La Breast Unit del Policlinico Campus Bio-Medico è uno dei 15 centri di Senologia individuati dalla Regione Lazio e inseriti nel decreto del febbraio 2015. Tratta 250 casi l’anno, con numeri in crescita. È un centro di diagnosi e cura in grado di garantire un approccio integrato al tumore al seno, con il supporto di un team di professionisti dedicati in strutture tecnologicamente avanzate. Qui si garantiscono integrazione, tempestività e appropriatezza delle cure e si offrono percorsi personalizzati di diagnosi e trattamento per ogni paziente. Inoltre, dal 2009, è attivo l’Ambulatorio Open senza necessità di prenotazione che nasce dalla collaborazione con i medici di famiglia e rappresenta un modello d’interazione con la medicina di territorio. L’ambulatorio garantisce una diagnosi in 48 ore alle donne con sospetta sintomatologia di tumore al seno.

«Oggi facciamo un altro passo in avanti verso un sistema regionale sanitario sempre più competitivo e che inaugura nuovi spazi e nuove opportunità», ha affermato il presidente Zingaretti evidenziando che grazie alla nuova Breast Unit «il Lazio diventa una delle regioni all’avanguardia per vicinanza alle donne che hanno il problema del tumore al seno. È un modo rivoluzionario di accogliere nel sistema e affrontare queste patologie. La determinazione che abbiamo messo sulla costruzione delle Breast Unit – ha continuato – sta rendendo il sistema molto protagonista, quindi è bene che anche al Campus parta, già su una meravigliosa storia, anche questo modo di approcciarsi alla cura e all’umanizzazione delle cure. E poi nuovi posti di terapia intensiva all’avanguardia in una struttura che sta ottenendo risultati eccezionali sugli esiti delle cure. Nell’incontro con gli operatori, dopo anni di lavoro, abbiamo potuto segnare il traguardo di un campus forte in un sistema regionale forte, uno degli obbiettivi che ci siamo dati 4 anni fa e che abbiamo raggiunto. Non è vero che non si può cambiare: quando si collabora, si coopera e ci si danno degli obbiettivi, le cose cambiano e cambiano in meglio».
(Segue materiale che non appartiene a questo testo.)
(* Let $\alpha\in(0,1)$. Suppose $\tau_1=\cdots=\tau_K=\tau_0$ where $\mathbb P(\tau_0=m)=\theta(1-\theta)^m$, $m=0,1,\dots$, $\theta\in(0,1)$, and conditionally on $\tau_0$ the observations $X_{k,t}$ are independent with density $p$ if $t\le\tau_0$ and $q$ if $t>\tau_0$; assume Assumption A2. Let $W_t=\mathbb P(\tau_0<t\mid X_{k,s},1\le k\le K,1\le s\le t)$ and $T=\min\{t:W_t>\alpha\}$. Then the proposed procedure satisfies $\mathbb T^*_K=(T,\dots,T)$. Moreover, with all $K$ defined on one probability space (an infinite family of streams sharing $\tau_0$), for each $t\ge1$: (1) $\lim_{K\to\infty}(T-\tau_0)=1$ a.s.; (2) $\lim_{K\to\infty}\mathrm{LFNR}_{t+1}(\mathbb T^*_K)=0$ a.s.; (3) $\lim_{K\to\infty}K^{-1}|S^*_{K,t+1}|=\mathbf 1(\tau_0\ge t)$ a.s.
   Context: Assumption A2: for $Z_1\sim p$ and $Z_2\sim q$, $\mathbb E\log\frac{p(Z_1)}{q(Z_1)}>0$, $\mathbb E\log\frac{q(Z_2)}{p(Z_2)}>0$, $\mathbb E\big(\log\frac{p(Z_1)}{q(Z_1)}\big)^2<\infty$ and $\mathbb E\big(\log\frac{q(Z_2)}{p(Z_2)}\big)^2<\infty$. A compound sequential detection procedure for $K$ streams consists of index sets $S_1=\{1,\dots,K\}\supseteq S_2\supseteq\cdots$ and a filtration defined inductively by $\mathcal F_1=\sigma(X_{k,1}:1\le k\le K)$ and $\mathcal F_t=\sigma(\mathcal F_{t-1},S_t,X_{k,t}:k\in S_t)$, where $S_t$ is $\mathcal F_{t-1}$-measurable; equivalently $\mathbb T=(T_1,\dots,T_K)$ with $T_k=\sup\{t:k\in S_t\}$. For $t\ge1$, $\mathrm{FNP}_{t+1}=\sum_{k\in S_{t+1}}\mathbf 1(\tau_k<t)/(|S_{t+1}|\vee1)$ and $\mathrm{LFNR}_{t+1}=\mathbb E(\mathrm{FNP}_{t+1}\mid\mathcal F_t)$. Posteriors: $W_{k,t}=\mathbb P(\tau_k<t\mid\mathcal F_t)$. One-step update rule: given $\alpha$, $S_t$ and $(W_{k,t})_{k\in S_t}$, write $S_t=\{k_1,\dots,k_m\}$ ordered so that $W_{k_1,t}\le\cdots\le W_{k_m,t}$, ties broken by increasing index; set $R_0=0$, $R_n=\frac1n\sum_{i=1}^nW_{k_i,t}$; let $n$ be the largest element of $\{0,\dots,m\}$ with $R_n\le\alpha$; output $S_{t+1}=\{k_1,\dots,k_n\}$. The proposed procedure $\mathbb T^*_K$ (with active sets $S^*_{K,t}$): $S_1=\{1,\dots,K\}$ and for each $t\ge1$, $S_{t+1}$ is the output of the one-step rule applied to $S_t$ and its current posteriors. *)

theory Defs
  imports "HOL-Probability.Probability"
begin
lemma Legendre_primroot:
  assumes "prime p" "2 < p" "residue_primroot p g"
  shows "Legendre (int g) (int p) = -1"
proof -
  have ord: "ord p g = p - 1" and cop: "coprime p g"
    using assms by (simp_all add: residue_primroot_def totient_prime)
  have "0 < (p - 1) div 2" "(p - 1) div 2 < p - 1"
    using assms(2) by auto
  then have not_one: "\<not> [g ^ ((p - 1) div 2) = 1] (mod p)"
    using ord_minimal[of "(p - 1) div 2" p g] ord by simp
  have euler: "[Legendre (int g) (int p) = int g ^ ((p - 1) div 2)] (mod int p)"
    using euler_criterion[OF assms(1,2)] by blast
  have "Legendre (int g) (int p) \<noteq> 1"
  proof
    assume "Legendre (int g) (int p) = 1"
    then have "[int (g ^ ((p - 1) div 2)) = int 1] (mod int p)"
      using euler by (simp add: cong_sym)
    then have "[g ^ ((p - 1) div 2) = 1] (mod p)"
      by (simp only: cong_int_iff)
    with not_one show False
      by contradiction
  qed
  moreover have "\<not> p dvd g"
  proof
    assume "p dvd g"
    with cop have "is_unit p"
      by (simp add: coprime_absorb_left)
    with assms(1) show False
      by simp
  qed
  then have "\<not> [int g = 0] (mod int p)"
    by (simp add: cong_0_iff)
  ultimately show ?thesis
    using Legendre_values[of "int g" "int p"] by (auto simp: Legendre_eq_0_iff)
qed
«L’università Campus Bio-Medico è ancora in una fase di sviluppo e di crescita – ha aggiunto il presidente  Felice Barela -. Per noi la crescita non è solo dimensionale, anche se nei prossimi anni stiamo programmando con la Regione Lazio alcuni passi in questa direzione – l’avvio di un Dea, un pronto soccorso – e abbiamo in programma anche lo sviluppo di laboratori di genetica, particolarmente importanti per la facoltà di Medicina, ed entrare nella rete del tumore al polmone della Regione Lazio con la nostra chirurgia toracica. Questi passi di crescita devono sempre essere accompagnati dalla qualità clinica, che è attestata dal Piano nazionale esiti, dove abbiamo avuto ottimi risultati negli ultimi anni, e dal nostro impegno con l’accreditamento Joint Commission. Vogliamo dare un servizio che non è ampio solo in senso numerico ma anche in quello della qualità che deve essere la più elevata possibile».

Il policlinico universitario Campus Bio-Medico eroga prestazioni in convenzione con il Servizio sanitario nazionale e privatamente. Dispone di 27 aree specialistiche e 12 sale operatorie ed  ospita 322 posti letto autorizzati (di cui 286 a contratto con Ssn) in camere singole e doppie. Nel 2017 ha ricevuto il rinnovo dell’accreditamento presso la JCI-Joint Commission International. All’interno del policlinico si svolge attività sanitaria, didattica e di ricerca con gli studenti e gli specializzandi dei corsi di laurea di Medicina e Chirurgia, Infermieristica e Tecniche di Radiologia. Ha al suo attivo 13.536 ricoveri ordinari totali, 20mila accessi all’anno al day hospital e oltre 1 milione di prestazioni ambulatoriali ogni anno.